Give your customers something they need, even if need be for free, to get the
real value you will eventually want. It lets you get in bed much more easily.
It's like buying a girl a drink at the bar. She will still need to like you,
but it's a lot easier to start talking to her + get her in bed by breaking the
ice buying a drink.

------
onetomany
Andrew here from the Press-Enterprise. A few notes here on Groupon, websites
and our success:

-we have a Groupon 'clone' program that is moderately successful. -we approached Groupon in 2009 and proposed a partnership to tackle the local market. Various issues came up and we could not reach an agreement that would take us beyond standard affiliate. Groupon is okay and is getting a ton of exposure, but I am interested in their ability to support local advertisers. I here good things from buyers, but not always from merchants...

-Newspapers, from my brief experience here, generally face 2 issues with partners like seeing interactive: 1) Historical tendency to pay too much for hosted solutions that actually take customers away. 2) Print mentality that change is very slow, but often dramatic (new front page or sports section) instead of rapidly iterating in increments at a target experience.

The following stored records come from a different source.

locale bounded_vcg =
  fixes n :: nat and H :: "nat set \<Rightarrow> ereal"
    and ALG :: "(nat \<Rightarrow> real) \<Rightarrow> nat set"
    and ALGm :: "nat \<Rightarrow> (nat \<Rightarrow> real) \<Rightarrow> nat set"
    and B :: real
  assumes H_norm: "normalized H"
    and H_mono: "monotone_on_players n H"
    and H_sym: "symmetric_on_players n H"
    and mech: "vcg_mechanism n H ALG ALGm"
    and social_cost_bounded: "valid_profile n v \<Longrightarrow> social_cost n v (ALG v) \<le> B"
begin

lemma ALG_subset: "valid_profile n v \<Longrightarrow> ALG v \<subseteq> players n"
  using mech by (auto simp: vcg_mechanism_def is_argmax_on_def)

lemma ALGm_subset: "valid_profile n v \<Longrightarrow> i \<in> players n \<Longrightarrow> ALGm i v \<subseteq> players n - {i}"
  using mech by (auto simp: vcg_mechanism_def is_argmax_on_def)

lemma vcg_obj_le_ALG:
  "valid_profile n v \<Longrightarrow> T \<subseteq> players n \<Longrightarrow> vcg_obj H v T \<le> vcg_obj H v (ALG v)"
  using mech by (auto simp: vcg_mechanism_def is_argmax_on_def)

lemma vcg_obj_le_ALGm:
  "valid_profile n v \<Longrightarrow> i \<in> players n \<Longrightarrow> T \<subseteq> players n - {i}
    \<Longrightarrow> vcg_obj H v T \<le> vcg_obj H v (ALGm i v)"
  using mech by (auto simp: vcg_mechanism_def is_argmax_on_def)

lemma mem_ALG_if_gt_bound:
  assumes "valid_profile n v" "i \<in> players n" "B < v i"
  shows "i \<in> ALG v"
proof (rule ccontr)
  assume "i \<notin> ALG v"
  then have "v i \<le> social_cost n v (ALG v)"
    using value_le_social_cost assms by simp
  then show False
    using social_cost_bounded[OF assms(1)] assms(3) by simp
qed

lemma H_players_not_infty: "H (players n) \<noteq> \<infinity>"
proof -
  define v where "v = (\<lambda>i::nat. max B 0 + 1)"
  have val: "valid_profile n v"
    by (simp add: valid_profile_def v_def)
  have "ALG v = players n"
    using ALG_subset[OF val] mem_ALG_if_gt_bound[OF val] by (auto simp: v_def)
  moreover have "vcg_obj H v {} \<le> vcg_obj H v (ALG v)"
    using vcg_obj_le_ALG[OF val] by simp
  ultimately have "0 \<le> ereal (\<Sum>j\<in>players n. v j) - H (players n)"
    using H_norm by (simp add: vcg_obj_def normalized_def zero_ereal_def)
  then show ?thesis by (cases "H (players n)") auto
qed

lemma H_finite: "S \<subseteq> players n \<Longrightarrow> \<bar>H S\<bar> \<noteq> \<infinity>"
proof -
  assume S: "S \<subseteq> players n"
  then have "H {} \<le> H S" "H S \<le> H (players n)"
    using H_mono unfolding monotone_on_players_def by blast+
  then have "0 \<le> H S" "H S \<le> H (players n)"
    using H_norm by (simp_all add: normalized_def)
  then show ?thesis
    using H_players_not_infty by auto
qed

definition h :: "nat \<Rightarrow> real" where
  "h t = real_of_ereal (H {1..t})"

lemma H_eq_h: "S \<subseteq> players n \<Longrightarrow> H S = ereal (h (card S))"
proof -
  assume S: "S \<subseteq> players n"
  then have sub: "{1..card S} \<subseteq> players n"
    using card_mono[OF finite_players S] by (auto simp: players_def)
  then have "H S = H {1..card S}"
    using H_sym S unfolding symmetric_on_players_def by (metis card_atLeastAtMost diff_Suc_1)
  then show ?thesis
    unfolding h_def using H_finite[OF sub] by (simp add: ereal_real')
qed

lemma h_0 [simp]: "h 0 = 0"
  using H_norm by (simp add: h_def normalized_def)

lemma h_mono: "s \<le> t \<Longrightarrow> t \<le> n \<Longrightarrow> h s \<le> h t"
proof -
  assume "s \<le> t" "t \<le> n"
  then have "{1..s} \<subseteq> players n" "{1..t} \<subseteq> players n" "H {1..s} \<le> H {1..t}"
    using H_mono by (auto simp: players_def monotone_on_players_def)
  then show ?thesis
    using H_eq_h[of "{1..s}"] H_eq_h[of "{1..t}"] by simp
qed

lemma h_nonneg: "t \<le> n \<Longrightarrow> 0 \<le> h t"
  using h_mono[of 0 t] by simp

definition obj :: "(nat \<Rightarrow> real) \<Rightarrow> nat set \<Rightarrow> real" where
  "obj v S = sum v S - h (card S)"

Biased as it may sound, Seeing Interactive eliminated both of these concerns
as they continue to iterate and improve the product and help the Press
Enterprise keep customers.

------
Jmarshnh
This is an interesting prospect. Newspapers have been struggling with their
websites trying to see profitability. The circulation model is there in small
numbers, same conclusion with upselling advertising to the website. If
newspapers can gain the "Community Bill Board" status once again then you have
something. However, the redesign of websites needs to be an easy process or
the newspapers have to offer redesign as a service. The search for the local
businesses has to have a return on the top of the search page. If Seeing
Interactive can offer these two key components, this will make a huge impact
in how newspapers do business in the future. They could be on to something
here!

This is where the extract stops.